Stored data:
###

lemma qadd_quat_of_complex: "qadd (quat_of_complex a) (quat_of_complex b) = quat_of_complex (a + b)"
  and qmult_quat_of_complex: "qmult (quat_of_complex a) (quat_of_complex b) = quat_of_complex (a * b)"
  and quat_of_complex_of_real: "quat_of_complex (of_real r) = qreal r"
  and qabs_quat_of_complex: "qabs (quat_of_complex c) = cmod c"
  and qRe_quat_of_complex: "qRe (quat_of_complex c) = Re c"
  and quat_of_complex_eq_qreal_1: "quat_of_complex c = qreal 1 \<longleftrightarrow> c = 1"
  by (simp_all add: quat_of_complex_def qadd_def qmult_def qreal_def qabs_def cmod_def complex_eq_iff)

lemma complex_normed_structure_rmul:
  assumes "two_sided_qbanach lmul rmul"
  shows "complex_normed_structure (\<lambda>c x. rmul x (quat_of_complex c))"
proof
  have rmul: "rmul (x + y) s = rmul x s + rmul y s" "rmul x (qadd s t) = rmul x s + rmul x t"
    "rmul x (qmult s t) = rmul (rmul x s) t" "rmul x (qreal r) = r *\<^sub>R x" "norm (rmul x s) = qabs s * norm x"
    for x y s t r
    using assms unfolding two_sided_qbanach_def by blast+
  show "rmul (x + y) (quat_of_complex c) = rmul x (quat_of_complex c) + rmul y (quat_of_complex c)"
    for c x y by (rule rmul(1))
  show "rmul x (quat_of_complex (c + d)) = rmul x (quat_of_complex c) + rmul x (quat_of_complex d)"
    for c d x by (simp add: rmul(2) flip: qadd_quat_of_complex)
  show "rmul (rmul x (quat_of_complex d)) (quat_of_complex c) = rmul x (quat_of_complex (c * d))"
    for c d x by (metis rmul(3) qmult_quat_of_complex mult.commute)
  show "rmul x (quat_of_complex (of_real r)) = r *\<^sub>R x" for r x
    by (simp add: quat_of_complex_of_real rmul(4))
  show "norm (rmul x (quat_of_complex c)) = cmod c * norm x" for c x
    by (simp add: rmul(5) qabs_quat_of_complex)
qed

lemma bounded_invertible_of_invertible_op:
  assumes "invertible_op rmul T"
  shows "bounded_invertible T"
  using assms unfolding invertible_op_def bounded_invertible_def bounded_right_linear_def by blast

lemma op_int_power_of_nat: "op_int_power T (int n) = T ^^ n"
  and op_int_power_of_neg_nat: "op_int_power T (- int n) = inv T ^^ n"
  by (simp_all add: op_int_power_def)

lemma doubly_power_bounded_funpow:
  fixes T :: "'a::real_normed_vector \<Rightarrow> 'a"
  assumes T: "bounded_invertible T"
    and bdd: "bdd_above (range (\<lambda>n::int. onorm (op_int_power T n)))"
  obtains M where "1 \<le> M" "\<And>n x. norm ((T ^^ n) x) \<le> M * norm x"
    "\<And>n x. norm ((inv T ^^ n) x) \<le> M * norm x"
proof -
  obtain M0 where M0: "\<And>n. onorm (op_int_power T n) \<le> M0"
    using bdd unfolding bdd_above_def by auto
  have "norm (F x) \<le> max 1 M0 * norm x" if "bounded_linear F" "onorm F \<le> M0" for F :: "'a \<Rightarrow> 'a" and x
    using onorm[OF that(1), of x] that(2)
    by (meson max.cobounded2 mult_right_mono norm_ge_zero order_trans)
  moreover have "bounded_linear (T ^^ n)" "bounded_linear (inv T ^^ n)" for n
    using T bounded_invertibleD(1)[OF T] unfolding bounded_invertible_def
    by (auto intro: bounded_linear_funpow)
  ultimately have "norm ((T ^^ n) x) \<le> max 1 M0 * norm x" "norm ((inv T ^^ n) x) \<le> max 1 M0 * norm x"
    for n x
    using M0[of "int n"] M0[of "- int n"] by (simp_all add: op_int_power_of_nat op_int_power_of_neg_nat)
  then show thesis by (intro that[of "max 1 M0"]) auto
qed

lemma bounded_invertible_shift_of_S_spectrum:
  assumes X: "two_sided_qbanach lmul rmul" and T: "bounded_right_linear rmul T"
    and l: "quat_of_complex l \<notin> S_spectrum rmul T"
  shows "bounded_invertible (\<lambda>x. T x - rmul x (quat_of_complex l))"
proof -
  interpret complex_normed_structure "\<lambda>c x. rmul x (quat_of_complex c)"
    by (rule complex_normed_structure_rmul[OF X])
  have TL: "linear T" and Tc: "T (rmul x (quat_of_complex c)) = rmul (T x) (quat_of_complex c)" for x c
    using T unfolding bounded_right_linear_def by (blast dest: bounded_linear.linear)+
  show ?thesis
  proof (rule bounded_invertible_commuting_factor)
    show "bounded_invertible (Qop (quat_of_complex l) T)"
      using l unfolding S_spectrum_def by (simp add: bounded_invertible_of_invertible_op)
    show "(\<lambda>x. T x - rmul x (quat_of_complex l)) \<circ> (\<lambda>x. T x - rmul x (quat_of_complex (cnj l)))
        = Qop (quat_of_complex l) T"
      using quadratic_factorization[OF TL Tc, of l]
      by (simp add: Qop_def qRe_quat_of_complex qabs_quat_of_complex)
    show "(\<lambda>x. T x - rmul x (quat_of_complex (cnj l))) \<circ> (\<lambda>x. T x - rmul x (quat_of_complex l))
        = Qop (quat_of_complex l) T"
      using quadratic_factorization[OF TL Tc, of "cnj l"]
      by (simp add: Qop_def qRe_quat_of_complex qabs_quat_of_complex)
  qed (use T in \<open>auto simp: bounded_right_linear_def intro!: bounded_linear_sub bounded_linear_cmul\<close>)
qed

###

WHAT IS REQUIRED
Scan the records for the word "assumes", and copy each line where it is found.

TASK RESULT
  assumes "two_sided_qbanach lmul rmul"
  assumes "invertible_op rmul T"
  assumes T: "bounded_invertible T"
  assumes X: "two_sided_qbanach lmul rmul" and T: "bounded_right_linear rmul T"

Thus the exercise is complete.